=== Material provided ===

section \<open>Raising the weights of the agents in \<open>R\<close>\<close>

lemma LP_obj_raise:
  assumes "finite A" "R \<subseteq> A"
  shows "LP_obj A G d (\<lambda>i. lam i + \<epsilon> * (if i \<in> R then 1 else 0)) X
           = LP_obj A G d lam X + \<epsilon> * (\<Sum>i\<in>R. cost G d X i)"
proof -
  have "LP_obj A G d (\<lambda>i. lam i + \<epsilon> * (if i \<in> R then 1 else 0)) X
      = LP_obj A G d lam X + (\<Sum>i\<in>A. if i \<in> R then \<epsilon> * cost G d X i else 0)"
    unfolding LP_obj_def sum.distrib[symmetric] by (intro sum.cong) (auto simp: algebra_simps)
  also have "(\<Sum>i\<in>A. if i \<in> R then \<epsilon> * cost G d X i else 0) = \<epsilon> * (\<Sum>i\<in>R. cost G d X i)"
    using assms by (simp add: sum.inter_restrict[symmetric] Int_absorb1 sum_distrib_left)
  finally show ?thesis .
qed

lemma LP_optimal_raise:
  assumes "finite A" "R \<subseteq> A" "0 \<le> \<epsilon>"
    and "LP_optimal A G C a r d lam X" "jointly_optimal A G C a r d R X"
  shows "LP_optimal A G C a r d (\<lambda>i. lam i + \<epsilon> * (if i \<in> R then 1 else 0)) X"
  unfolding LP_optimal_def
proof (intro conjI allI impI)
  show "feasible_for A G C a r A X" using assms(4) unfolding LP_optimal_def by blast
  fix Y assume Y: "feasible_for A G C a r A Y"
  then have "feasible_for A G C a r R Y" using assms(2) unfolding feasible_for_def by blast
  then have "(\<Sum>i\<in>R. cost G d X i) \<le> (\<Sum>i\<in>R. cost G d Y i)"
    using assms(5) unfolding jointly_optimal_def by blast
  moreover have "LP_obj A G d lam X \<le> LP_obj A G d lam Y"
    using assms(4) Y unfolding LP_optimal_def by blast
  ultimately show "LP_obj A G d (\<lambda>i. lam i + \<epsilon> * (if i \<in> R then 1 else 0)) X
      \<le> LP_obj A G d (\<lambda>i. lam i + \<epsilon> * (if i \<in> R then 1 else 0)) Y"
    unfolding LP_obj_raise[OF assms(1,2)] using assms(3) by (simp add: add_mono mult_left_mono)
qed

lemma small_convex_step:
  fixes s x :: "'j \<Rightarrow> real"
  assumes "finite J" "\<forall>j\<in>J. 0 \<le> s j \<and> s j \<le> 1" "\<forall>j\<in>J. s j < 1 \<or> x j \<le> 1"
  shows "\<exists>t. 0 < t \<and> t \<le> 1 \<and> (\<forall>j\<in>J. (1 - t) * s j + t * x j \<le> 1)"
proof -
  define t where "t = Min (insert 1 ((\<lambda>j. (1 - s j) / (1 + \<bar>x j\<bar>)) ` {j\<in>J. s j < 1}))"
  have fin: "finite (insert 1 ((\<lambda>j. (1 - s j) / (1 + \<bar>x j\<bar>)) ` {j\<in>J. s j < 1}))"
    using assms(1) by simp
  have "0 < t" unfolding t_def using fin by (auto simp: Min_gr_iff)
  moreover have "t \<le> 1" unfolding t_def using fin by (intro Min_le) auto
  moreover have "(1 - t) * s j + t * x j \<le> 1" if j: "j \<in> J" for j
  proof (cases "s j < 1")
    case True
    have "t \<le> (1 - s j) / (1 + \<bar>x j\<bar>)" unfolding t_def using fin j True by (intro Min_le) auto
    then have "t * (1 + \<bar>x j\<bar>) \<le> 1 - s j" by (simp add: pos_le_divide_eq)
    moreover have "t * (x j - s j) \<le> t * (1 + \<bar>x j\<bar>)"
      using \<open>0 < t\<close> assms(2) j by (intro mult_left_mono) auto
    ultimately show ?thesis by (simp add: algebra_simps)
  next
    case False
    then have "x j \<le> 1" "s j \<le> 1" using assms(2,3) j by auto
    then show ?thesis using \<open>0 < t\<close> \<open>t \<le> 1\<close> convex_bound_le[of "s j" 1 "x j" "1 - t" t] by simp
  qed
  ultimately show ?thesis by blast
qed

lemma sum_convex_combination:
  fixes c x y :: "'j \<Rightarrow> real"
  shows "(\<Sum>j\<in>J. c j * ((1 - t) * x j + t * y j)) = (1 - t) * (\<Sum>j\<in>J. c j * x j) + t * (\<Sum>j\<in>J. c j * y j)"
  by (simp add: distrib_left sum.distrib sum_distrib_left mult.left_commute)

lemma CC_convex:
  assumes "CC G C a r i X" "CC G C a r i Y" "0 \<le> t" "t \<le> 1"
  shows "CC G C a r i (\<lambda>i j. (1 - t) * X i j + t * Y i j)"
  unfolding CC_def
proof (intro conjI ballI)
  fix k assume "k \<in> C"
  then have "r i k \<le> (\<Sum>j\<in>G. a i j k * X i j)" "r i k \<le> (\<Sum>j\<in>G. a i j k * Y i j)"
    using assms(1,2) unfolding CC_def by auto
  then have "(1 - t) * r i k + t * r i k
      \<le> (1 - t) * (\<Sum>j\<in>G. a i j k * X i j) + t * (\<Sum>j\<in>G. a i j k * Y i j)"
    using assms(3,4) by (intro add_mono mult_left_mono) auto
  then show "r i k \<le> (\<Sum>j\<in>G. a i j k * ((1 - t) * X i j + t * Y i j))"
    unfolding sum_convex_combination by (simp add: algebra_simps)
next
  fix j assume "j \<in> G"
  then show "0 \<le> (1 - t) * X i j + t * Y i j"
    using assms unfolding CC_def by simp
qed

lemma feasible_for_convex_step:
  assumes "finite A" "R \<subseteq> A" and X: "feasible_for A G C a r R X"
    and x: "\<forall>i\<in>R. CC G C a r i x" and t: "0 \<le> t" "t \<le> 1"
    and within_supply: "\<forall>j\<in>G. (1 - t) * (\<Sum>i\<in>R. X i j) + t * (\<Sum>i\<in>R. x i j) \<le> 1"
  shows "feasible_for A G C a r R (\<lambda>i j. if i \<in> R then (1 - t) * X i j + t * x i j else 0)"
  unfolding feasible_for_def supply_respecting_def
proof (intro conjI ballI)
  fix i assume "i \<in> R"
  then show "CC G C a r i (\<lambda>i j. if i \<in> R then (1 - t) * X i j + t * x i j else 0)"
    using CC_convex[of G C a r i X x t] X x t unfolding feasible_for_def CC_def by auto
next
  fix i j assume "i \<in> A" "j \<in> G"
  then show "0 \<le> (if i \<in> R then (1 - t) * X i j + t * x i j else 0)"
    using X x t \<open>R \<subseteq> A\<close> unfolding feasible_for_def supply_respecting_def CC_def by auto
next
  fix j assume "j \<in> G"
  have "(\<Sum>i\<in>A. if i \<in> R then (1 - t) * X i j + t * x i j else 0) = (\<Sum>i\<in>R. (1 - t) * X i j + t * x i j)"
    using assms(1,2) by (simp add: sum.inter_restrict[symmetric] Int_absorb1)
  then show "(\<Sum>i\<in>A. if i \<in> R then (1 - t) * X i j + t * x i j else 0) \<le> 1"
    using within_supply \<open>j \<in> G\<close> by (simp add: sum.distrib sum_distrib_left)
qed
lemma tdeg_det:
  fixes M :: "'a::comm_ring_1 bipoly mat"
  assumes M: "M \<in> carrier_mat k k" and entries: "\<And>i j. i < k \<Longrightarrow> j < k \<Longrightarrow> tdeg (M $$ (i, j)) \<le> T"
  shows "tdeg (det M) \<le> k * T"
  unfolding det_def'[OF M]
proof (rule tdeg_sum_le)
  fix \<sigma> assume "\<sigma> \<in> {\<sigma>. \<sigma> permutes {0..<k}}"
  then have "\<sigma> i < k" if "i < k" for i
    using that permutes_in_image by fastforce
  then have "(\<Sum>i = 0..<k. tdeg (M $$ (i, \<sigma> i))) \<le> (\<Sum>i = 0..<k. T)"
    by (intro sum_mono entries) auto
  then have "tdeg (\<Prod>i = 0..<k. M $$ (i, \<sigma> i)) \<le> k * T"
    using tdeg_prod_le order_trans by fastforce
  then show "tdeg (signof \<sigma> * (\<Prod>i = 0..<k. M $$ (i, \<sigma> i))) \<le> k * T"
    by (simp add: sign_def)
qed

lemma tdeg_neg_one_power_mult [simp]: "tdeg ((-1) ^ e * p) = tdeg (p :: 'a::comm_ring_1 bipoly)"
  by (cases "even e") simp_all

lemma tdeg_bounded_kernel_vector:
  fixes A :: "'r \<Rightarrow> 'c \<Rightarrow> 'a::comm_ring_1 bipoly"
  assumes "finite R" "finite C" "card R < card C"
    and entries: "\<And>r c. r \<in> R \<Longrightarrow> c \<in> C \<Longrightarrow> tdeg (A r c) \<le> T"
  obtains a where "\<exists>c\<in>C. a c \<noteq> 0" "\<And>c. tdeg (a c) \<le> card R * T"
    "\<And>r. r \<in> R \<Longrightarrow> (\<Sum>c\<in>C. a c * A r c) = 0"
proof -
  obtain a where a: "\<exists>c\<in>C. a c \<noteq> 0" "\<And>r. r \<in> R \<Longrightarrow> (\<Sum>c\<in>C. a c * A r c) = 0"
    and minors: "\<And>c. a c = 0 \<or> (\<exists>k\<le>card R. \<exists>I J e. I ` {..<k} \<subseteq> R \<and> J ` {..<k} \<subseteq> C
                        \<and> a c = (-1) ^ e * det (submatrix A k I J))"
    by (rule kernel_vector_of_minors[where A = A, OF assms(1-3)]) blast
  have "tdeg (a c) \<le> card R * T" for c
    using minors[of c]
  proof
    assume "\<exists>k\<le>card R. \<exists>I J e. I ` {..<k} \<subseteq> R \<and> J ` {..<k} \<subseteq> C
              \<and> a c = (-1) ^ e * det (submatrix A k I J)"
    then obtain k I J e where "k \<le> card R" "I ` {..<k} \<subseteq> R" "J ` {..<k} \<subseteq> C"
      "a c = (-1) ^ e * det (submatrix A k I J)"
      by blast
    moreover from this have "tdeg (det (submatrix A k I J)) \<le> k * T"
      by (intro tdeg_det[OF submatrix_carrier]) (auto intro!: entries)
    ultimately show ?thesis
      by (simp add: order_trans)
  qed simp
  with a show thesis
    using that by blast
qed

=== Exercise aim ===
Look through the material above for the string "shows" and copy each line that has it.

=== Output of the exercise ===
  shows "LP_obj A G d (\<lambda>i. lam i + \<epsilon> * (if i \<in> R then 1 else 0)) X
  shows "LP_optimal A G C a r d (\<lambda>i. lam i + \<epsilon> * (if i \<in> R then 1 else 0)) X"
  shows "\<exists>t. 0 < t \<and> t \<le> 1 \<and> (\<forall>j\<in>J. (1 - t) * s j + t * x j \<le> 1)"
  shows "(\<Sum>j\<in>J. c j * ((1 - t) * x j + t * y j)) = (1 - t) * (\<Sum>j\<in>J. c j * x j) + t * (\<Sum>j\<in>J. c j * y j)"
  shows "CC G C a r i (\<lambda>i j. (1 - t) * X i j + t * Y i j)"
  shows "feasible_for A G C a r R (\<lambda>i j. if i \<in> R then (1 - t) * X i j + t * x i j else 0)"
  shows "tdeg (det M) \<le> k * T"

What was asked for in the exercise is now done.